Hasta primeros de julio del mismo año, quedó Felipe a su lado. Marchó ya de manera definitiva y María volvió a experimentar —¿nuevo síntoma de una naturaleza histérica?— otro embarazo psicológico que esta vez ya no convenció a nadie. El mismo Felipe comisionó al duque de Feria para que viajase a Inglaterra y felicitase de su parte a la reina, si bien averiguando lo que de verdad había en la noticia. El duque de Feria no tardó en contestar a Felipe que la reina no estaba encinta y que para colmo de males era presa de insomnio y melancolías.
María, sin embargo, no perdía la esperanza de una intervención divina que favoreciera a ella, fiel hija de la iglesia de Roma y restauradora del catolicismo en Inglaterra. En su testamento iba a señalar que se creía embarazada. Se equivocaba y, para colmo, no iba a tardar en morir. Se ha especulado mucho con su enfermedad, apuntándose desde la hidropesía cardiaca al cáncer abdominal pasando por la peritonitis tuberculosa de forma ascíticotumoral. Nada es seguro. Sí parece mejor establecido que contrajo una gripe que la llevó en agosto a guardar cama inexcusablemente. El 17 de noviembre de 1558, comparecía ante el juicio del Dios al que había creído servir.
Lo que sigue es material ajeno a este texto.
(* Let $Y$ be a nominal $\mathrm{Sb}$-set and let $y\in Y$ be supported by a set of cardinality at most $1$. Then $\{m\cdot y\mid m\in\mathrm{Sb}\}=\{g\cdot y\mid g\in\mathrm{Perm}\}$.
   Context: $\mathbb{A}$ is a countably infinite set of atoms; $\mathrm{Sb}$ is the monoid of functions $\mathbb{A}\to\mathbb{A}$ that are the identity outside a finite set; $\mathrm{Perm}\subseteq\mathrm{Sb}$ its bijections. An $\mathrm{Sb}$-set has a monoid action of $\mathrm{Sb}$; $C\subseteq\mathbb{A}$ supports $y$ if for all $m_1,m_2\in\mathrm{Sb}$ with $m_1|_C=m_2|_C$ we have $m_1y=m_2y$; a nominal $\mathrm{Sb}$-set is one in which every element has a finite support. *)

theory Defs
  imports "HOL-Library.Countable_Set"
begin

text \<open>Atoms are the elements of a type 'a assumed countably infinite.
Sb: finitely supported endofunctions; Perm: bijective ones.\<close>

definition Sb :: "('a \<Rightarrow> 'a) set" where
  "Sb = {m. finite {a. m a \<noteq> a}}"

definition Perm :: "('a \<Rightarrow> 'a) set" where
  "Perm = {m \<in> Sb. bij m}"

definition Sb_set :: "(('a \<Rightarrow> 'a) \<Rightarrow> 'b \<Rightarrow> 'b) \<Rightarrow> bool" where
  "Sb_set act \<longleftrightarrow> (\<forall>y. act id y = y) \<and>
     (\<forall>m1\<in>Sb. \<forall>m2\<in>Sb. \<forall>y. act (m1 \<circ> m2) y = act m1 (act m2 y))"

definition supports :: "(('a \<Rightarrow> 'a) \<Rightarrow> 'b \<Rightarrow> 'b) \<Rightarrow> 'a set \<Rightarrow> 'b \<Rightarrow> bool" where
  "supports act C y \<longleftrightarrow>
     (\<forall>m1\<in>Sb. \<forall>m2\<in>Sb. (\<forall>a\<in>C. m1 a = m2 a) \<longrightarrow> act m1 y = act m2 y)"

definition nominal_Sb_set :: "(('a \<Rightarrow> 'a) \<Rightarrow> 'b \<Rightarrow> 'b) \<Rightarrow> bool" where
  "nominal_Sb_set act \<longleftrightarrow> Sb_set act \<and> (\<forall>y. \<exists>C. finite C \<and> supports act C y)"

end

theory Submission
  imports Defs
begin

text \<open>Since y is determined by how a substitution acts on its support C, it suffices that
every m \<in> Sb can be matched on C by a finite permutation. This is possible whenever m is
injective on the finite set C, in particular when C has at most one element: the bijection
m|C : C \<rightarrow> m`C is completed to a permutation of C \<union> m`C by any bijection between the
equinumerous complements.\<close>

lemma supportsD:
  assumes "supports act C y" "m1 \<in> Sb" "m2 \<in> Sb" "\<And>a. a \<in> C \<Longrightarrow> m1 a = m2 a"
  shows "act m1 y = act m2 y"
  using assms unfolding supports_def by blast

lemma bij_betw_finite_in_Perm:
  assumes "bij_betw p S S" "finite S" "\<And>a. a \<notin> S \<Longrightarrow> p a = a"
  shows "p \<in> Perm"
proof -
  have "bij_betw p (- S) (- S)"
    using bij_betw_id by (rule bij_betw_cong[THEN iffD2, rotated]) (simp add: assms(3))
  with assms(1) have "bij_betw p (S \<union> - S) (S \<union> - S)"
    by (rule bij_betw_combine) blast
  then have "bij p"
    by simp
  moreover have "{a. p a \<noteq> a} \<subseteq> S"
    using assms(3) by blast
  then have "finite {a. p a \<noteq> a}"
    using assms(2) by (rule finite_subset)
  ultimately show ?thesis
    unfolding Perm_def Sb_def by blast
qed

lemma inj_on_finite_extends_to_Perm:
  assumes "finite C" "inj_on m C"
  obtains g where "g \<in> Perm" "\<And>a. a \<in> C \<Longrightarrow> g a = m a"
proof -
  define S where "S = C \<union> m ` C"
  have "finite S"
    using assms(1) by (simp add: S_def)
  have "card (S - C) = card (S - m ` C)"
    using \<open>finite S\<close> assms card_image[OF assms(2)]
    by (simp add: S_def card_Diff_subset)
  then obtain h where h: "bij_betw h (S - C) (S - m ` C)"
    using \<open>finite S\<close> finite_same_card_bij by blast
  define g where "g a = (if a \<in> C then m a else if a \<in> S then h a else a)" for a
  have "bij_betw g C (m ` C)"
    using inj_on_imp_bij_betw[OF assms(2)]
    by (rule bij_betw_cong[THEN iffD2, rotated]) (simp add: g_def)
  moreover have "bij_betw g (S - C) (S - m ` C)"
    using h by (rule bij_betw_cong[THEN iffD1, rotated]) (simp add: g_def)
  ultimately have "bij_betw g (C \<union> (S - C)) (m ` C \<union> (S - m ` C))"
    by (rule bij_betw_combine) blast
  moreover have "C \<union> (S - C) = S" "m ` C \<union> (S - m ` C) = S"
    unfolding S_def by blast+
  ultimately have "bij_betw g S S"
    by (simp only:)
  then have "g \<in> Perm"
    using \<open>finite S\<close> by (rule bij_betw_finite_in_Perm) (simp add: S_def g_def)
  then show thesis
    by (rule that) (simp add: g_def)
qed

lemma supports_act_eq_Perm:
  assumes "supports act C y" "finite C" "m \<in> Sb" "inj_on m C"
  obtains g where "g \<in> Perm" "act m y = act g y"
proof -
  obtain g where g: "g \<in> Perm" "\<And>a. a \<in> C \<Longrightarrow> g a = m a"
    using inj_on_finite_extends_to_Perm assms(2,4) by blast
  have "g \<in> Sb"
    using g(1) by (simp add: Perm_def)
  with assms(1,3) have "act m y = act g y"
    by (rule supportsD) (simp add: g(2))
  with g(1) show thesis
    by (rule that)
qed

theorem mainTheorem13:
  fixes act :: "('a \<Rightarrow> 'a) \<Rightarrow> 'b \<Rightarrow> 'b" and y :: 'b and C :: "'a set"
  assumes "countable (UNIV :: 'a set)" and "infinite (UNIV :: 'a set)"
    and "nominal_Sb_set act"
    and "supports act C y" and "finite C" and "card C \<le> 1"
  shows "{act m y | m. m \<in> Sb} = {act g y | g. g \<in> Perm}"
proof
  show "{act g y | g. g \<in> Perm} \<subseteq> {act m y | m. m \<in> Sb}"
    unfolding Perm_def by blast
next
  have "\<forall>a\<in>C. \<forall>b\<in>C. a = b"
    using card_le_Suc0_iff_eq[OF \<open>finite C\<close>] \<open>card C \<le> 1\<close> by simp
  then have "inj_on m C" for m :: "'a \<Rightarrow> 'a"
    unfolding inj_on_def by blast
  with assms(4,5) show "{act m y | m. m \<in> Sb} \<subseteq> {act g y | g. g \<in> Perm}"
    by (blast elim: supports_act_eq_Perm)
qed

end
María había sido reina de España sin haber pisado nunca esta nación y sin proporcionarle un solo vástago regio. Difícilmente podría haber fracasado la empresa de manera más estrepitosa. María, pronto apodada “la sanguinaria”, devolvió a Inglaterra al seno de la iglesia de Roma y ejecutó a 273 protestantes mientras los exiliados se elevaban a centenares. Ciertamente, tales acciones fueron aplaudidas —e incluso impulsadas— por la jerarquía católica inglesa y la Santa Sede pero también tuvieron un efecto negativo para la causa romana. Quizá una política más tolerante habría conservado a buena parte de la población en el seno del catolicismo pero las hogueras de María obtuvieron el efecto contrario. Cuando expiró, la mayoría de los ingleses respiró con alivio y los protestantes reanudaron su proyecto reformador.
Sin embargo, todas esas circunstancias no resultaban tan obvias en aquel entonces. De hecho, el fallecimiento de María Tudor no implicó de manera inmediata el abandono de la política inglesa por parte del emperador Carlos V y de su hijo Felipe. En realidad, puede afirmarse que casi hacía más imperativa esta línea de acción siquiera para evitar la sensación de fracaso, no exento de ribetes ridículos, en que había terminado el matrimonio con la hija de Enrique VIII y Catalina de Aragón. Con esa finalidad, se cursaron órdenes a los españoles que se hallaban en la corte inglesa a fin de que analizaran las posibilidades de un enlace entre el príncipe Felipe e Isabel Tudor que se había convertido en reina de Inglaterra y que, siquiera por las apariencias, no parecía nada inclinada a abandonar el catolicismo en favor de la causa de la Reforma.
La Naturaleza —¿la Providencia?— se manifestaría en contra de ese proyecto y, por segunda vez, fracasaría. Fue el duque de Feria el encargado de informar a Felipe que el matrimonio con Isabel era implanteable ya que la nueva reina de Inglaterra se hallaba imposibilitada para el mismo. La incapacidad residía en un trastorno genital que incluía la ausencia de menstruación y una aplasia vaginal. Que Isabel podía tener relaciones sexuales es algo de lo que daría ejemplo repetido a lo largo de su vida pero no resultaba menos obvio, aunque se mantuviera en secreto, que era incapaz de concebir y alumbrar lo que, no hace falta insistir en ello, era requisito indispensable para una mujer que aspirara a ser reina de España.
De todos es sabido que Isabel mantuvo una línea de tolerancia hacia el protestantismo que contrastó marcadamente con el fanatismo católico de María Tudor. De la misma manera, tampoco fueron inquietados los católicos en el ejercicio de su religión siempre que no incluyera la conspiración contra la corona. Al fin y a la postre, la tolerancia de Isabel Tudor fue tan considerable que hasta 1570 el papa no la excomulgó. Sin embargo, actuando así, el pontífice sólo consiguió afianzarla en el trono y convertir en irreversible la Reforma en Inglaterra. Los caminos del Señor son ciertamente inescrutables.
Al final, la alianza de Felipe II con Inglaterra fracasó por razones que más que políticas o religiosas fueron biológicas. A pesar de lo que se ha escrito, es obvio que la Historia no fue distinta por la nariz de Cleopatra. Sí lo fue por la especial configuración del aparato genital de dos reinas inglesas.